What to do:
The number needed is how many lines of the data hold the string "inverse". Give that number and nothing more.

Dataset entries
________________
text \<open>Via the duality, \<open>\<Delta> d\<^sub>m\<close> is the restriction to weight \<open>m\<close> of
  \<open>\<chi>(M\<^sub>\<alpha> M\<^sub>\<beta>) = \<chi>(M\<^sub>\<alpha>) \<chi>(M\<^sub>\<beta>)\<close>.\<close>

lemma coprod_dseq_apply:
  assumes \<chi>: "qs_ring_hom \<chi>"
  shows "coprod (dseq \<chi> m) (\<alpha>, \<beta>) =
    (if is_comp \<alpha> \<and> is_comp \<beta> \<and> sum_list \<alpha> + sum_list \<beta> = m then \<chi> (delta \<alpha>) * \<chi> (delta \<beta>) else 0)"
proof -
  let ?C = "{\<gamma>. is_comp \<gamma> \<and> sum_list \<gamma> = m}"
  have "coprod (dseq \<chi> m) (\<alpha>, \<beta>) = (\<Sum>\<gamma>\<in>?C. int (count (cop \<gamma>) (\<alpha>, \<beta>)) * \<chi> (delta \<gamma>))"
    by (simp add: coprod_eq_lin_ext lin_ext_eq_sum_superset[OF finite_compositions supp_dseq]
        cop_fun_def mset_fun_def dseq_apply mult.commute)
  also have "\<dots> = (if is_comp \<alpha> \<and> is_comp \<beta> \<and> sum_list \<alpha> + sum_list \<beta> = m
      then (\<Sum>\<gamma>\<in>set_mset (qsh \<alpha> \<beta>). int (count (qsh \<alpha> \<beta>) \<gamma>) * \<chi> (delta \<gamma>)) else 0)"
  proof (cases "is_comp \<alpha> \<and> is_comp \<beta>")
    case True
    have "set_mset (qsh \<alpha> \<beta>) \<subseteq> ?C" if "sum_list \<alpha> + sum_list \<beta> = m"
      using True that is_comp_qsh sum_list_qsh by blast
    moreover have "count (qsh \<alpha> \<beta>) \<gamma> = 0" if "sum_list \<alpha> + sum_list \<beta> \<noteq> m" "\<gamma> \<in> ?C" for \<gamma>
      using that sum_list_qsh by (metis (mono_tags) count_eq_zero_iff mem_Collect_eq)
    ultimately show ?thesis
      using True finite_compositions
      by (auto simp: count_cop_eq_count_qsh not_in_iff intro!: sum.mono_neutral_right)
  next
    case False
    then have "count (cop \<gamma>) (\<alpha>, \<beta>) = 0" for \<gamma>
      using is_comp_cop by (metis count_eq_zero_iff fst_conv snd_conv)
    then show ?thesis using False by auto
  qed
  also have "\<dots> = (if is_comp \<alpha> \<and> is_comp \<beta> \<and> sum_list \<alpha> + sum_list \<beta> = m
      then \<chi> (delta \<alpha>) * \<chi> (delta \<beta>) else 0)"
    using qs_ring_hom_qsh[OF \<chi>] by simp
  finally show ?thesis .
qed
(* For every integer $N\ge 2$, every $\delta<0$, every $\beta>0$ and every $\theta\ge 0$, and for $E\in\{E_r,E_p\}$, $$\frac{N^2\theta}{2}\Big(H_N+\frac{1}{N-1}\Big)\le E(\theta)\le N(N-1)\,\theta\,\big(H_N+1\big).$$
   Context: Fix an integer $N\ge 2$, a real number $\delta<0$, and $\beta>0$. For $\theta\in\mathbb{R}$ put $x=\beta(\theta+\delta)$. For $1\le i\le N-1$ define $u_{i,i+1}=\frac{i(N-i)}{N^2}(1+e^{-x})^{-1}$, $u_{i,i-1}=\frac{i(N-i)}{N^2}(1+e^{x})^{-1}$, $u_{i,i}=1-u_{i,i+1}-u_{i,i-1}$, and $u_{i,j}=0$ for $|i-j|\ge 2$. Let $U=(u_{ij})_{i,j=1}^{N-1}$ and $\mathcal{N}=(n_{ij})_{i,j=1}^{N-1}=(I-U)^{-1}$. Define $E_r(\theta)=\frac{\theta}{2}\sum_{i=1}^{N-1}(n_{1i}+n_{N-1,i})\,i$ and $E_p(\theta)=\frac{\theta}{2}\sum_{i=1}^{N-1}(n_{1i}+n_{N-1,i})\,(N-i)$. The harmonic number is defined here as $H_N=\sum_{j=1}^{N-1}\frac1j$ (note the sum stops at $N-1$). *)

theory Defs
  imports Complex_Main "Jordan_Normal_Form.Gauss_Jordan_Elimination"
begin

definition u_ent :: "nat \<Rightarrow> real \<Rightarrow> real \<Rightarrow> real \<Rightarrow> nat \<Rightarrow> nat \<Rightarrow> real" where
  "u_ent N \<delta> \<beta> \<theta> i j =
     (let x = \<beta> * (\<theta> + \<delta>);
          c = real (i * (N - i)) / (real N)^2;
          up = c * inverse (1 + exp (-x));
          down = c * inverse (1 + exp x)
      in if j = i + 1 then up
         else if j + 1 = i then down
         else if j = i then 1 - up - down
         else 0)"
________________
Response box:
2